**Input for this task:**
(* Let $D_1\subset\mathbb{R}^2$ be an open disc centered at the origin, let $\boldsymbol{\gamma}_1,\dots,\boldsymbol{\gamma}_m$ be distinct unit vectors in $\mathbb{R}^2$ with $m$ odd, and $c_1,\dots,c_m$ nonzero reals. Then the vector-valued star transform $\mathcal{S}$ is invertible, i.e. every vector field $\mathbf{f}$ on $\mathbb{R}^2$ with components in $C^2_c(D_1)$ is uniquely determined by $\mathcal{S}\mathbf{f}$.
   Context: For $\mathbf{x}=(x_1,x_2)$ set $\mathbf{x}^\perp=(-x_2,x_1)$. For a unit vector $\boldsymbol{\gamma}$, $\mathcal{X}_{\boldsymbol{\gamma}}h(\mathbf{x})=\int_0^\infty h(\mathbf{x}+t\boldsymbol{\gamma})\,dt$. The vector-valued star transform is $\mathcal{S}\mathbf{f}=\sum_{i=1}^m c_i\,\mathcal{X}_{\boldsymbol{\gamma}_i}\begin{bmatrix}\mathbf{f}\cdot\boldsymbol{\gamma}_i\\ \mathbf{f}\cdot\boldsymbol{\gamma}_i^\perp\end{bmatrix}$. *)

theory Defs
  imports "HOL-Analysis.Analysis"
begin

definition perp :: "real^2 \<Rightarrow> real^2" where
  "perp x = vector [- (x $ 2), x $ 1]"

definition ray_transform :: "real^2 \<Rightarrow> (real^2 \<Rightarrow> real) \<Rightarrow> real^2 \<Rightarrow> real" where
  "ray_transform gam h x = integral {0..} (\<lambda>t::real. h (x + t *\<^sub>R gam))"

definition star_transform ::
  "nat \<Rightarrow> (nat \<Rightarrow> real) \<Rightarrow> (nat \<Rightarrow> real^2) \<Rightarrow> (real^2 \<Rightarrow> real^2) \<Rightarrow> real^2 \<Rightarrow> real^2" where
  "star_transform m c gam f x =
     (\<Sum>i<m. c i *\<^sub>R vector [ray_transform (gam i) (\<lambda>y. f y \<bullet> gam i) x,
                               ray_transform (gam i) (\<lambda>y. f y \<bullet> perp (gam i)) x])"

definition C2 :: "(real^2 \<Rightarrow> real) \<Rightarrow> bool" where
  "C2 h \<longleftrightarrow> (\<exists>(D1 :: real^2 \<Rightarrow> ((real^2) \<Rightarrow>\<^sub>L real))
                  (D2 :: real^2 \<Rightarrow> ((real^2) \<Rightarrow>\<^sub>L ((real^2) \<Rightarrow>\<^sub>L real))).
      (\<forall>x. (h has_derivative blinfun_apply (D1 x)) (at x)) \<and>
      (\<forall>x. (D1 has_derivative blinfun_apply (D2 x)) (at x)) \<and>
      continuous_on UNIV D2)"

definition C2c :: "(real^2) set \<Rightarrow> (real^2 \<Rightarrow> real) \<Rightarrow> bool" where
  "C2c U h \<longleftrightarrow> C2 h \<and> compact (closure {x. h x \<noteq> 0}) \<and> closure {x. h x \<noteq> 0} \<subseteq> U"

end

theory Submission
  imports Defs
begin

text \<open>
  Put \<open>H = f - g\<close>, read as a function of two real coordinates; it is continuous, vanishes
  outside the square \<open>[-r, r]\<^sup>2\<close>, and its star transform vanishes.  Fix a slope \<open>u\<close> for which
  no direction \<open>\<gamma>\<^sub>i\<close> is parallel to the lines \<open>y = u x + \<tau>\<close>, and integrate the vanishing
  star transform along such a line.  Every ray transform turns into an integral of \<open>H\<close> over a
  half plane bounded by a parallel line, i.e. into a primitive in \<open>\<tau>\<close> of the line integrals
  \<open>\<Phi>(\<tau>) = \<integral> H(x, u x + \<tau>) dx\<close>.  The two components of the star transform then say
  that this primitive is orthogonal to \<open>V(u) = \<Sum>\<^sub>i c\<^sub>i \<gamma>\<^sub>i / (\<gamma>\<^sub>i\<^sub>2 - u \<gamma>\<^sub>i\<^sub>1)\<close> and to its
  rotation by a right angle, so \<open>\<Phi> = 0\<close> whenever \<open>V(u) \<noteq> 0\<close>.

  Distinct unit vectors fall into classes \<open>{\<gamma>, -\<gamma>}\<close> of size at most two, so for odd \<open>m\<close> and
  nonzero weights some class has a nonzero weight sum.  As \<open>u\<close> approaches the slope of that
  class (or tends to infinity, for the vertical class), \<open>V(u)\<close> is governed by this sum, so
  \<open>\<Phi>\<close> vanishes for infinitely many slopes.  Then all moments of \<open>H\<close> on the square vanish,
  since \<open>\<integral>\<integral> (y - u x)\<^sup>k H\<close> is a polynomial in \<open>u\<close> with infinitely many roots, and the
  Stone--Weierstrass theorem gives \<open>\<integral>\<integral> H\<^sup>2 = 0\<close>.
\<close>

section \<open>Functions on a square with vanishing moments\<close>

abbreviation centered_square :: "real \<Rightarrow> (real \<times> real) set" where
  "centered_square r \<equiv> cbox (-r, -r) (r, r)"

definition moments_vanish :: "real \<Rightarrow> (real \<times> real \<Rightarrow> real) \<Rightarrow> bool" where
  "moments_vanish r F \<longleftrightarrow>
     (\<forall>a b. integral (centered_square r) (\<lambda>(s, y). s ^ a * y ^ b * F (s, y)) = 0)"

lemma integrable_moment:
  fixes F :: "real \<times> real \<Rightarrow> real"
  assumes "continuous_on UNIV F"
  shows "(\<lambda>(s, y). s ^ a * y ^ b * F (s, y)) integrable_on cbox c d"
proof (rule integrable_continuous)
  show "continuous_on (cbox c d) (\<lambda>(s, y). s ^ a * y ^ b * F (s, y))"
    using continuous_on_subset[OF assms subset_UNIV]
    by (auto simp: split_beta intro!: continuous_intros)
qed

lemma continuous_on_real_polynomial_function:
  "real_polynomial_function p \<Longrightarrow> continuous_on S p"
  by (simp add: continuous_at_imp_continuous_on continuous_real_polymonial_function)

lemma bounded_linear_on_pair:
  fixes p :: "real \<times> real \<Rightarrow> real"
  assumes "bounded_linear p"
  shows "p (s, y) = s * p (1, 0) + y * p (0, 1)"
proof -
  interpret bounded_linear p by fact
  have "p (s, y) = p (s *\<^sub>R (1, 0) + y *\<^sub>R (0, 1))" by simp
  then show ?thesis by (simp only: add scale) simp
qed

lemma integral_linear_combination:
  fixes f g :: "'a::euclidean_space \<Rightarrow> real"
  assumes "f integrable_on S" "g integrable_on S"
  shows "integral S (\<lambda>x. a * f x + b * g x) = a * integral S f + b * integral S g"
  using assms by (simp add: integral_add integrable_on_mult_right)

lemma moments_vanish_mult_polynomial:
  assumes "real_polynomial_function p"
  shows "continuous_on UNIV F \<Longrightarrow> moments_vanish r F \<Longrightarrow> moments_vanish r (\<lambda>x. p x * F x)"
  using assms
proof (induction p arbitrary: F rule: real_polynomial_function.induct)
  case (linear p)
  show ?case
    unfolding moments_vanish_def
  proof (intro allI)
    fix a b
    let ?m = "\<lambda>a b. \<lambda>(s, y). s ^ a * y ^ b * F (s, y)"
    have "integral (centered_square r) (\<lambda>(s, y). s ^ a * y ^ b * (p (s, y) * F (s, y))) =
        integral (centered_square r) (\<lambda>x. p (1, 0) * ?m (Suc a) b x + p (0, 1) * ?m a (Suc b) x)"
      by (rule integral_cong, clarify, subst bounded_linear_on_pair[OF linear.hyps])
        (simp add: algebra_simps)
    also have "\<dots> = p (1, 0) * integral (centered_square r) (?m (Suc a) b) +
        p (0, 1) * integral (centered_square r) (?m a (Suc b))"
      by (rule integral_linear_combination; rule integrable_moment[OF linear.prems(1)])
    also have "\<dots> = 0"
      using linear.prems(2) unfolding moments_vanish_def by (simp del: power_Suc)
    finally show "integral (centered_square r) (\<lambda>(s, y). s ^ a * y ^ b * (p (s, y) * F (s, y))) = 0" .
  qed
next
  case (const c)
  then show ?case
    by (simp add: moments_vanish_def mult.left_commute[of _ c] case_prod_unfold)
next
  case (add p q)
  have "continuous_on UNIV (\<lambda>x. p x * F x)" "continuous_on UNIV (\<lambda>x. q x * F x)"
    using add.hyps add.prems(1) by (metis continuous_on_mult continuous_on_real_polynomial_function)+
  then show ?case
    using add integrable_moment
    by (simp add: moments_vanish_def distrib_left distrib_right integral_add case_prod_unfold)
next
  case (mult p q)
  have "continuous_on UNIV (\<lambda>x. q x * F x)"
    using mult.hyps mult.prems(1) by (metis continuous_on_mult continuous_on_real_polynomial_function)
  then have "moments_vanish r (\<lambda>x. p x * (q x * F x))"
    using mult by blast
  then show ?case by (simp add: mult.assoc)
qed

lemma integral_polynomial_mult_eq_0:
  assumes "continuous_on UNIV H" "moments_vanish r H" "real_polynomial_function p"
  shows "integral (centered_square r) (\<lambda>x. p x * H x) = 0"
proof -
  have "integral (centered_square r) (\<lambda>(s, y). s ^ 0 * y ^ 0 * (p (s, y) * H (s, y))) = 0"
    using moments_vanish_mult_polynomial[OF assms(3,1,2)] unfolding moments_vanish_def by blast
  then show ?thesis
    by (simp add: case_prod_unfold)
qed

lemma integral_self_mult_eq_0_if_moments_vanish:
  fixes H :: "real \<times> real \<Rightarrow> real"
  assumes H: "continuous_on UNIV H" and "moments_vanish r H"
  shows "integral (centered_square r) (\<lambda>x. H x * H x) = 0"
proof (rule dense_eq0_I)
  let ?Q = "centered_square r"
  let ?c = "Henstock_Kurzweil_Integration.content ?Q"
  fix e :: real
  assume "e > 0"
  have cQ: "continuous_on ?Q H"
    using H continuous_on_subset by blast
  have int: "f integrable_on ?Q" if "continuous_on UNIV f" for f :: "real \<times> real \<Rightarrow> real"
    using that continuous_on_subset integrable_continuous subset_UNIV by metis
  obtain B where "B > 0" and B: "\<And>x. x \<in> ?Q \<Longrightarrow> \<bar>H x\<bar> \<le> B"
    using compact_imp_bounded[OF compact_continuous_image[OF cQ compact_cbox]]
    unfolding bounded_pos by force
  define d where "d = e / (B * ?c + 1)"
  have "B * ?c \<ge> 0"
    using \<open>B > 0\<close> by simp
  then have "d > 0" and "B * d * ?c \<le> e"
    using \<open>e > 0\<close> by (auto simp: d_def field_simps)
  obtain p where p: "real_polynomial_function p" "\<And>x. x \<in> ?Q \<Longrightarrow> \<bar>H x - p x\<bar> < d"
    using Stone_Weierstrass_real_polynomial_function[OF compact_cbox cQ \<open>d > 0\<close>] by blast
  have cp: "continuous_on UNIV p"
    using p(1) by (rule continuous_on_real_polynomial_function)
  have "integral ?Q (\<lambda>x. H x * (H x - p x)) = integral ?Q (\<lambda>x. H x * H x - p x * H x)"
    by (simp add: algebra_simps)
  also have "\<dots> = integral ?Q (\<lambda>x. H x * H x) - integral ?Q (\<lambda>x. p x * H x)"
    using H cp by (intro integral_diff int continuous_on_mult)
  finally have eq: "integral ?Q (\<lambda>x. H x * H x) = integral ?Q (\<lambda>x. H x * (H x - p x))"
    using integral_polynomial_mult_eq_0[OF H assms(2) p(1)] by simp
  have "norm (integral ?Q (\<lambda>x. H x * (H x - p x))) \<le> B * d * ?c"
  proof (rule has_integral_bound)
    show "((\<lambda>x. H x * (H x - p x)) has_integral integral ?Q (\<lambda>x. H x * (H x - p x))) ?Q"
      using H cp by (intro integrable_integral int continuous_on_mult continuous_on_diff)
    show "norm (H x * (H x - p x)) \<le> B * d" if "x \<in> ?Q" for x
      using B[OF that] p(2)[OF that] by (simp add: abs_mult mult_mono)
  qed (use \<open>B > 0\<close> \<open>d > 0\<close> in simp)
  then show "\<bar>integral ?Q (\<lambda>x. H x * H x)\<bar> \<le> e"
    using eq \<open>B * d * ?c \<le> e\<close> by simp
qed

lemma vanishes_on_square_if_moments_vanish:
  fixes H :: "real \<times> real \<Rightarrow> real"
  assumes H: "continuous_on UNIV H" and r: "r > 0" and "moments_vanish r H"
    and x: "x \<in> centered_square r"
  shows "H x = 0"
proof -
  have cQ: "continuous_on (centered_square r) H"
    using H continuous_on_subset by blast
  have "((\<lambda>x. H x * H x) has_integral integral (centered_square r) (\<lambda>x. H x * H x)) (centered_square r)"
    using H by (intro integrable_integral integrable_continuous continuous_on_mult) (auto intro: cQ)
  then have HH: "((\<lambda>x. H x * H x) has_integral 0) (centered_square r)"
    by (simp add: integral_self_mult_eq_0_if_moments_vanish[OF H assms(3)])
  have box: "box (-r, -r) (r, r) \<noteq> {}"
    using r by (auto simp: box_ne_empty Basis_prod_def)
  have "H x * H x = 0"
    by (rule has_integral_0_cbox_imp_0[OF continuous_on_mult[OF cQ cQ] _ HH box x]) simp
  then show ?thesis
    by simp
qed

section \<open>Line transforms\<close>

definition vanishes_off_square :: "real \<Rightarrow> (real \<times> real \<Rightarrow> 'a::zero) \<Rightarrow> bool" where
  "vanishes_off_square r H \<longleftrightarrow> (\<forall>s y. r \<le> \<bar>s\<bar> \<or> r \<le> \<bar>y\<bar> \<longrightarrow> H (s, y) = 0)"

text \<open>
  \<open>line_transform r H u \<tau>\<close> integrates \<open>H\<close> over the line \<open>y = u x + \<tau>\<close> against \<open>dx\<close>; cutting
  at \<open>|x| \<le> r\<close> loses nothing when \<open>H\<close> vanishes off the square.
\<close>

definition line_transform ::
  "real \<Rightarrow> (real \<times> real \<Rightarrow> 'a::real_normed_vector) \<Rightarrow> real \<Rightarrow> real \<Rightarrow> 'a" where
  "line_transform r H u \<tau> = integral {-r..r} (\<lambda>s. H (s, u * s + \<tau>))"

**Assigned task:** The expected output is every line of the records in which the string "many" appears.

**Task solution:**
  \<open>\<Phi>\<close> vanishes for infinitely many slopes.  Then all moments of \<open>H\<close> on the square vanish,
  since \<open>\<integral>\<integral> (y - u x)\<^sup>k H\<close> is a polynomial in \<open>u\<close> with infinitely many roots, and the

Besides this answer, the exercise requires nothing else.